A participant inquired about how the process of the project rounds is managed, asking whether applicants are expected to complete their proposal within a set period. Is it within the duration of the school year, or are applicants given a longer period? Nelson responded that applicants are generally given eighteen months, but depending on the scope of the project, sometimes extensions are given. For the large VR projects, “we were willing to extend it” because, though “we wanted to try to control the scope […] we also wanted them to look really good.”
A participant who works with XR within Leiden University asked how the initiative manages and organizes all of these projects since working with such “novel technologies can be interesting to manage” and is incredibly time-consuming.
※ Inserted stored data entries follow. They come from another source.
(* For a vector x write the energy of an edge {a,b} as (x a - x b)^2.
   Along a shortest u-v path of length d(u,v), Cauchy-Schwarz bounds (x u - x v)^2 by
   d(u,v) times the energy of the path; averaging over the shortest paths with the weights
   alpha_uv and summing over all ordered pairs (u,v) gives
       n |x|^2 - (sum x)^2  =  1/2 sum_{u,v} (x u - x v)^2  <=  C_max * x^T L x,
   because each edge k collects exactly the load 2 C_k(alpha).

   If a real symmetric matrix L has zero row sums and satisfies
   n |x|^2 - (sum x)^2 <= K x^T L x for all x (K > 0), then the shifted matrix
   L + (1/K) J has quadratic form >= (n/K)|x|^2, so all its eigenvalues are >= n/K.
   A determinant computation shows that this shift replaces the eigenvalue 0 of L
   (eigenvector 1) by n/K and keeps all other eigenvalues; hence at most one eigenvalue
   of L lies below n/K and the second smallest one is >= n/K. *)

lemma real_rooted_poly_size_proots:
  fixes q :: "real poly"
  assumes "q \<noteq> 0" "\<And>z. poly (map_poly complex_of_real q) z = 0 \<Longrightarrow> z \<in> \<real>"
  shows "size (proots q) = Polynomial.degree q"
  using assms
proof (induction "Polynomial.degree q" arbitrary: q)
  case 0
  then obtain a where "q = [:a:]" by (metis degree_eq_zeroE)
  then show ?case using 0 by simp
next
  case (Suc d)
  let ?qc = "map_poly complex_of_real q"
  have "Polynomial.degree ?qc = Suc d" using Suc.hyps(2) by simp
  then have "size (proots ?qc) > 0" using size_proots_complex by simp
  then obtain z where "z \<in># proots ?qc" by (metis multiset_nonemptyE size_empty less_irrefl)
  then have "poly ?qc z = 0" using Suc.prems by simp
  moreover then obtain r where "z = of_real r" using Suc.prems by (auto elim: Reals_cases)
  ultimately have "poly q r = 0" by (simp add: of_real_hom.poly_map_poly)
  then obtain q' where q: "q = [:-r,1:] * q'" using poly_eq_0_iff_dvd by (metis dvdE)
  have q'0: "q' \<noteq> 0" using q Suc.prems by auto
  have "Polynomial.degree q = 1 + Polynomial.degree q'" unfolding q
    by (subst degree_mult_eq; simp add: q'0)
  then have dq': "Polynomial.degree q' = d" using Suc.hyps(2) by simp
  have "map_poly complex_of_real q = [:- of_real r, 1:] * map_poly complex_of_real q'"
  proof -
    interpret m: map_poly_comm_ring_hom "complex_of_real" ..
    show ?thesis unfolding q m.hom_mult by simp
  qed
  then have "\<And>z. poly (map_poly complex_of_real q') z = 0 \<Longrightarrow> z \<in> \<real>"
    using Suc.prems(2) by (metis mult_zero_right poly_mult)
  then have "size (proots q') = d" using Suc.hyps(1)[of q'] dq' q'0 by simp
  moreover have "proots q = {#r#} + proots q'" unfolding q using q'0
    by (subst proots_mult) auto
  ultimately show ?case using Suc.hyps(2) by simp
qed
lemma gam_equicont:
  "0 \<le> r \<Longrightarrow> e > 0 \<Longrightarrow> \<exists>d>0. \<forall>i j r'. j \<in> II i \<longrightarrow> r' \<ge> 0 \<longrightarrow> \<bar>r' - r\<bar> < d
     \<longrightarrow> \<bar>gam i j r' - gam i j r\<bar> < e"
  using gain_conds[THEN conjunct2, THEN conjunct2, THEN conjunct1] by blast

lemma mu_zero: "mu i (\<lambda>_. 0) = 0"
  using gain_conds[THEN conjunct2, THEN conjunct2, THEN conjunct2, THEN conjunct1] by blast

lemma mu_nonneg: "s \<in> linf_pos \<Longrightarrow> 0 \<le> mu i s"
proof -
  assume s: "s \<in> linf_pos"
  obtain xi where "Kinf xi" "mu i s \<ge> ereal (xi (linf_norm s))"
    using gain_conds[THEN conjunct2, THEN conjunct2, THEN conjunct2, THEN conjunct1] s
    by blast
  moreover have "0 \<le> linf_norm s"
    using linf_pos_nonneg[OF s] linf_pos_le_linf_norm[OF s] order_trans by blast
  ultimately show ?thesis
    using Kinf_nonneg by (meson ereal_less_eq(5) order_trans)
qed

lemma mu_mono:
  "s \<in> linf_pos \<Longrightarrow> t \<in> linf_pos \<Longrightarrow> (\<And>j. s j \<le> t j) \<Longrightarrow> mu i s \<le> mu i t"
  using gain_conds[THEN conjunct2, THEN conjunct2, THEN conjunct2, THEN conjunct2, THEN conjunct1]
  by blast

lemma mu_finite:
  "finite J \<Longrightarrow> s \<in> linf_pos \<Longrightarrow> (\<And>j. j \<notin> J \<Longrightarrow> s j = 0) \<Longrightarrow> mu i s \<noteq> \<infinity>"
  using gain_conds[THEN conjunct2, THEN conjunct2, THEN conjunct2, THEN conjunct2, THEN conjunct2,
      THEN conjunct1]
  by blast

lemma mu_restr_uniform_cont:
  "A \<subseteq> linf_pos \<Longrightarrow> \<forall>s\<in>A. linf_norm s \<le> C \<Longrightarrow> e > 0 \<Longrightarrow>
    \<exists>d>0. \<forall>s0\<in>A. \<forall>s\<in>linf_pos. linf_norm (\<lambda>j. s j - s0 j) \<le> d \<longrightarrow>
      (\<forall>i. \<bar>real_of_ereal (mu i (restr (II i) s)) - real_of_ereal (mu i (restr (II i) s0))\<bar> \<le> e)"
  using gain_conds[THEN conjunct2, THEN conjunct2, THEN conjunct2, THEN conjunct2, THEN conjunct2,
      THEN conjunct2]
  by blast

definition gain_arg :: "'i \<Rightarrow> ('i \<Rightarrow> real) \<Rightarrow> 'i \<Rightarrow> real" where
  "gain_arg i s = (\<lambda>j. if j \<in> II i then gam i j (s j) else 0)"

lemma Gam_eq: "\<Gamma> s i = real_of_ereal (mu i (gain_arg i s))"
  by (simp add: Gam_def gain_arg_def)

lemma restr_gain_arg: "restr (II i) (gain_arg i s) = gain_arg i s"
  by (auto simp: restr_def gain_arg_def)

lemma gam_nonneg: "j \<in> II i \<Longrightarrow> 0 \<le> x \<Longrightarrow> 0 \<le> gam i j x"
  using gam_Kinf Kinf_nonneg by blast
Nelson responded that his role at the university is entirely dedicated to managing all of the projects, creating communities, and connecting with other institutions. Having such a nonfragmented role and student participation is “what makes it all happen.”
Lastly, Nelson was asked whether there is the “possibility, or momentum, to exchange productions between universities?” Nelson responded, “we are open to it, whether it is a project or sharing ideas, or how we did this or that?”